About this task —
The count of lines below that include the string "using" is the whole answer.

Records from a data collection

——

lemma multiple_bond_unique:
  assumes uv: "multiple_bond u v" and yz: "multiple_bond y z"
  shows "{u, v} = {y, z}"
proof (rule ccontr)
  assume ne: "{u, v} \<noteq> {y, z}"
  have "{u, v} \<subseteq> {1..n}" "y \<in> {1..n}"
    using uv yz by (auto simp: multiple_bond_def bond_def)
  then obtain p0 m0 where "walk bond {u, v} {y} p0 m0"
    using walk_exists by blast
  then have "walk bond {u, v} {y, z} p0 m0" by (auto simp: walk_def)
  then obtain p m where shortest: "shortest_walk bond {u, v} {y, z} p m"
    using shortest_walk_exists by blast
  then have walk: "walk bond {u, v} {y, z} p m" by (simp add: shortest_walk_def)
  define u' where "u' = (if p 0 = u then v else u)"
  define z' where "z' = (if p m = y then z else y)"
  have u': "multiple_bond u' (p 0)" "{u, v} = {p 0, u'}" "u' \<noteq> p 0"
    using walk uv multiple_bond_sym[OF uv] by (auto simp: walk_def u'_def multiple_bond_def bond_def)
  have z': "multiple_bond (p m) z'" "{y, z} = {p m, z'}" "z' \<noteq> p m"
    using walk yz multiple_bond_sym[OF yz] by (auto simp: walk_def z'_def multiple_bond_def bond_def)
  have "u' \<notin> p ` {..m}"
  proof
    assume "u' \<in> p ` {..m}"
    then obtain k where "k \<le> m" "p k = u'" by auto
    with shortest_walk_avoids_source[OF shortest, of k] u' show False by (cases "k = 0") auto
  qed
  moreover have "z' \<notin> p ` {..m}"
  proof
    assume "z' \<in> p ` {..m}"
    then obtain k where "k \<le> m" "p k = z'" by auto
    with shortest_walk_avoids_target[OF shortest, of k] z' show False by (cases "k = m") auto
  qed
  moreover have "u' \<noteq> z'"
  proof
    assume "u' = z'"
    then have "walk bond {u, v} {y, z} (\<lambda>_. u') 0" using u' z' by (simp add: walk_def)
    then have "m = 0" using shortest by (force simp: shortest_walk_def)
    then show False using ne u' z' \<open>u' = z'\<close> by simp
  qed
  ultimately show False
    using no_path_between_multiple_bonds[OF shortest_walk_inj[OF shortest] u'(1) z'(1)] walk
    by (simp add: walk_def)
qed
(* Consider the Harmonia state machine defined in the context below, with parameters a finite set $D$ of data items, an integer $N\ge 1$ (number of switches), a finite nonempty set $\mathit{Rep}$ of replicas, and a Boolean $\mathit{isReadBehind}$. Then in every state reachable from the initial state by a finite sequence of the actions listed below (with arbitrary choice of action and arguments at each step), the following invariant $\mathit{Linearizability}$ holds: for every message $m\in\mathit{messages}$ with $m.\mathit{mtype}=\mathrm{ReadResponse}$, (i) $m.\mathit{write}\succeq m.\mathit{ghost}$, and (ii) either $m.\mathit{write}=\bot$ or $m.\mathit{write}$ is an entry of $\mathit{CommittedLog}$. (Informally: Harmonia preserves linearizability of the underlying primary-backup/read-ahead or quorum/read-behind replication protocol, including across switch failovers.)
   Context: Harmonia is a replicated-storage scheme in which a network switch tracks a "dirty set" of objects with pending writes and routes reads of clean objects to a single replica. It is modeled as the following state machine. Writes. A write is a record $w=(\mathrm{Write}, \mathit{switchNum}, \mathit{seq}, \mathit{dataItem})$ with $\mathit{switchNum}\in\{1,\dots,N\}$, $\mathit{seq}\in\mathbb{N}_{\ge1}$, $\mathit{dataItem}\in D$. The special value $\bot$ has $\mathit{switchNum}=0,\ \mathit{seq}=0$ and no data item. Define $w_1\succeq w_2$ iff $w_1.\mathit{switchNum}>w_2.\mathit{switchNum}$, or $w_1.\mathit{switchNum}=w_2.\mathit{switchNum}$ and $w_1.\mathit{seq}\ge w_2.\mathit{seq}$; and $w_1\succ w_2$ iff $w_1.\mathit{switchNum}>w_2.\mathit{switchNum}$, or they are equal and $w_1.\mathit{seq}>w_2.\mathit{seq}$. For a finite nonempty set $W$ of writes (possibly including $\bot$), $\max W$ denotes an element $w\in W$ with $w\succeq w'$ for all $w'\in W$ (selected by a fixed deterministic choice function). State variables: $\mathit{messages}$ (a set of messages, initially empty); for each switch $s\in\{1,\dots,N\}$ a record $\mathit{sw}[s]$ with fields $\mathit{seq}\in\mathbb{N}$ (initially $0$), $\mathit{dirty}$ a finite partial function $D\rightharpoonup\mathbb{N}$ (initially empty domain), $\mathit{lastCommitted}$ a write or $\bot$ (initially $\bot$); $\mathit{active}\in\{1,\dots,N\}$ (initially $1$); $\mathit{log}$ a finite sequence of writes (initially empty); $\mathit{cp}:\mathit{Rep}\to\mathbb{N}$ (initially all $0$). Derived quantities: $\mathit{CommittedLog}=\mathit{log}$ if $\mathit{isReadBehind}$, and otherwise the prefix of $\mathit{log}$ of length $\min_{r\in\mathit{Rep}}\mathit{cp}[r]$. For a sequence $L$ of writes and $d\in D$, $\mathrm{MCW}(d,L)=\max(\{\bot\}\cup\{e \text{ entry of } L: e.\mathit{dataItem}=d\})$; $\mathrm{MCW}(d)=\mathrm{MCW}(d,\mathit{CommittedLog})$; $\mathrm{MCW}_{all}=\max(\{\bot\}\cup\{\text{entries of }\mathit{CommittedLog}\})$. Actions (each leaves unmentioned variables unchanged): 1. SendWrite$(s,d)$, $s\in\{1..N\}, d\in D$: enabled iff $s\le\mathit{active}$. Let $n=\mathit{sw}[s].\mathit{seq}+1$; set $\mathit{sw}[s].\mathit{seq}:=n$, set $\mathit{sw}[s].\mathit{dirty}(d):=n$ (adding or overriding), add the write $(\mathrm{Write},s,n,d)$ to $\mathit{messages}$. 2. HandleWrite$(w)$ for a write $w\in\mathit{messages}$: enabled iff $\mathit{log}$ is empty or $w\succeq$ the last entry of $\mathit{log}$; appends $w$ to $\mathit{log}$. 3. ProcessWriteCompletion$(w)$ for $w$ an entry of $\mathit{log}$: enabled iff $\mathrm{MCW}_{all}\succeq w$. With $s=w.\mathit{switchNum}$: restrict $\mathit{sw}[s].\mathit{dirty}$ to those $d$ with $\mathit{sw}[s].\mathit{dirty}(d)>w.\mathit{seq}$, and set $\mathit{sw}[s].\mathit{lastCommitted}:=\max\{\mathit{sw}[s].\mathit{lastCommitted},w\}$. 4. CommitWrite$(r)$, $r\in\mathit{Rep}$: enabled iff $|\mathit{log}|>\mathit{cp}[r]$; sets $\mathit{cp}[r]:=\mathit{cp}[r]+1$. 5. SendRead$(s,d)$: let $\mathit{lr}=\max(\{\mathrm{MCW}(d)\}\cup\{m.\mathit{write}: m\in\mathit{messages},\ m.\mathit{mtype}=\mathrm{ReadResponse},\ m.\mathit{write}\ne\bot,\ m.\mathit{write}.\mathit{dataItem}=d\})$. If $d\notin\mathrm{dom}(\mathit{sw}[s].\mathit{dirty})$ and $\mathit{sw}[s].\mathit{lastCommitted}\succ\bot$, add message $(\mathrm{HarmoniaRead}, \mathit{dataItem}=d, \mathit{switchNum}=s, \mathit{lastCommitted}=\mathit{sw}[s].\mathit{lastCommitted}, \mathit{ghost}=\mathit{lr})$; otherwise add $(\mathrm{ProtocolRead},\mathit{dataItem}=d,\mathit{ghost}=\mathit{lr})$. 6. HandleProtocolRead$(m)$ for a ProtocolRead $m\in\mathit{messages}$: add $(\mathrm{ReadResponse}, \mathit{write}=\mathrm{MCW}(m.\mathit{dataItem}), \mathit{ghost}=m.\mathit{ghost})$. 7. HandleHarmoniaRead$(r,m)$ for $r\in\mathit{Rep}$ and a HarmoniaRead $m\in\mathit{messages}$: let $c=\mathit{cp}[r]$ and $w=\mathrm{MCW}(m.\mathit{dataItem}, \text{first } c \text{ entries of } \mathit{log})$. Enabled iff $m.\mathit{switchNum}=\mathit{active}$ and: if $\mathit{isReadBehind}$, then $(\mathit{log}[c]$ if $c>0$, else $\bot)\succeq m.\mathit{lastCommitted}$; if not $\mathit{isReadBehind}$ (read-ahead), then $m.\mathit{lastCommitted}\succeq w$. Adds $(\mathrm{ReadResponse},\mathit{write}=w,\mathit{ghost}=m.\mathit{ghost})$. 8. SwitchFailover: enabled iff $\mathit{active}<N$; sets $\mathit{active}:=\mathit{active}+1$. *)

theory Defs
  imports Main
begin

——

Exercise result —
9